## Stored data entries

(* Let $\mathcal X\subseteq\mathcal Y$ be subcategories of $\mathcal C$ such that $\mathcal Y$ is closed under extensions and $\mathcal X$ is a generator of $\mathcal Y$. Let $n\ge1$ and suppose there are $\mathbb E$-triangles $K_{i+1}\to Y_i\to K_i\dashrightarrow$ for $1\le i\le n$ with $K_1=A$, $K_{n+1}=A'$ and all $Y_i\in\mathcal Y$. Then there exist objects $U_n,V_n\in\mathcal C$ such that $U_n\in\mathcal Y$, there is an $\mathbb E$-triangle $U_n\to V_n\to A'\dashrightarrow$, and there are $\mathbb E$-triangles $L_{i+1}\to X_i\to L_i\dashrightarrow$ for $1\le i\le n$ with $L_1=A$, $L_{n+1}=V_n$ and all $X_i\in\mathcal X$.
   Context: $(\mathcal C,\mathbb E,\mathfrak s)$ is an extriangulated category in the sense of Nakaoka–Palu, Krull–Schmidt, with enough projectives and enough injectives; subcategories are full, additive, closed under isomorphisms. Closed under extensions: for every $\mathbb E$-triangle $A\to B\to C\dashrightarrow$ with $A,C$ in the subcategory, $B$ is in it. A subcategory $\mathcal X$ is a generator for $\mathcal Y$ if $\mathcal X\subseteq\mathcal Y$ and every $Y\in\mathcal Y$ admits an $\mathbb E$-triangle $Y'\to X\to Y\dashrightarrow$ with $X\in\mathcal X$ and $Y'\in\mathcal Y$. *)

theory Defs
  imports Main
begin

text \<open>Conventions:
  cmp C g f  is the composite g after f;
  Ext C Z A  is the abelian group E(Z,A) (extensions of Z by A);
  epush C Z a d  is a_* d  for d in E(Z, src a), giving an element of E(Z, trg a);
  epull C A c d  is c^* d  for d in E(trg c, A), giving an element of E(src c, A);
  realizes C d x y  means  s(d) = [A -x-> B -y-> Z], i.e. A -x-> B -y-> Z -d-> is an E-triangle.\<close>

record ('o, 'm, 'e) extri =
  obs :: "'o set"
  arrs :: "'m set"
  src :: "'m \<Rightarrow> 'o"
  trg :: "'m \<Rightarrow> 'o"
  cmp :: "'m \<Rightarrow> 'm \<Rightarrow> 'm"
  idm :: "'o \<Rightarrow> 'm"
  madd :: "'m \<Rightarrow> 'm \<Rightarrow> 'm"
  mneg :: "'m \<Rightarrow> 'm"
  mzero :: "'o \<Rightarrow> 'o \<Rightarrow> 'm"
  Ext :: "'o \<Rightarrow> 'o \<Rightarrow> 'e set"
  eadd :: "'o \<Rightarrow> 'o \<Rightarrow> 'e \<Rightarrow> 'e \<Rightarrow> 'e"
  eneg :: "'o \<Rightarrow> 'o \<Rightarrow> 'e \<Rightarrow> 'e"
  ezero :: "'o \<Rightarrow> 'o \<Rightarrow> 'e"
  epush :: "'o \<Rightarrow> 'm \<Rightarrow> 'e \<Rightarrow> 'e"
  epull :: "'o \<Rightarrow> 'm \<Rightarrow> 'e \<Rightarrow> 'e"
  realizes :: "'e \<Rightarrow> 'm \<Rightarrow> 'm \<Rightarrow> bool"

definition hom :: "('o,'m,'e) extri \<Rightarrow> 'o \<Rightarrow> 'o \<Rightarrow> 'm set" where
  "hom C A B = {f \<in> arrs C. src C f = A \<and> trg C f = B}"

definition is_category :: "('o,'m,'e) extri \<Rightarrow> bool" where
  "is_category C \<longleftrightarrow>
     (\<forall>f \<in> arrs C. src C f \<in> obs C \<and> trg C f \<in> obs C) \<and>
     (\<forall>A \<in> obs C. idm C A \<in> hom C A A) \<and>
     (\<forall>A B D f g. f \<in> hom C A B \<and> g \<in> hom C B D \<longrightarrow> cmp C g f \<in> hom C A D) \<and>
     (\<forall>A B f. f \<in> hom C A B \<longrightarrow> cmp C (idm C B) f = f \<and> cmp C f (idm C A) = f) \<and>
     (\<forall>A B D E f g h. f \<in> hom C A B \<and> g \<in> hom C B D \<and> h \<in> hom C D E \<longrightarrow>
        cmp C h (cmp C g f) = cmp C (cmp C h g) f)"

## Work order
From the data above, output exactly the lines between the one containing "(\<forall>f \<in> arrs" and the one containing "(\<forall>A \<in> obs", counting both of them.

## Response area
     (\<forall>f \<in> arrs C. src C f \<in> obs C \<and> trg C f \<in> obs C) \<and>
     (\<forall>A \<in> obs C. idm C A \<in> hom C A A) \<and>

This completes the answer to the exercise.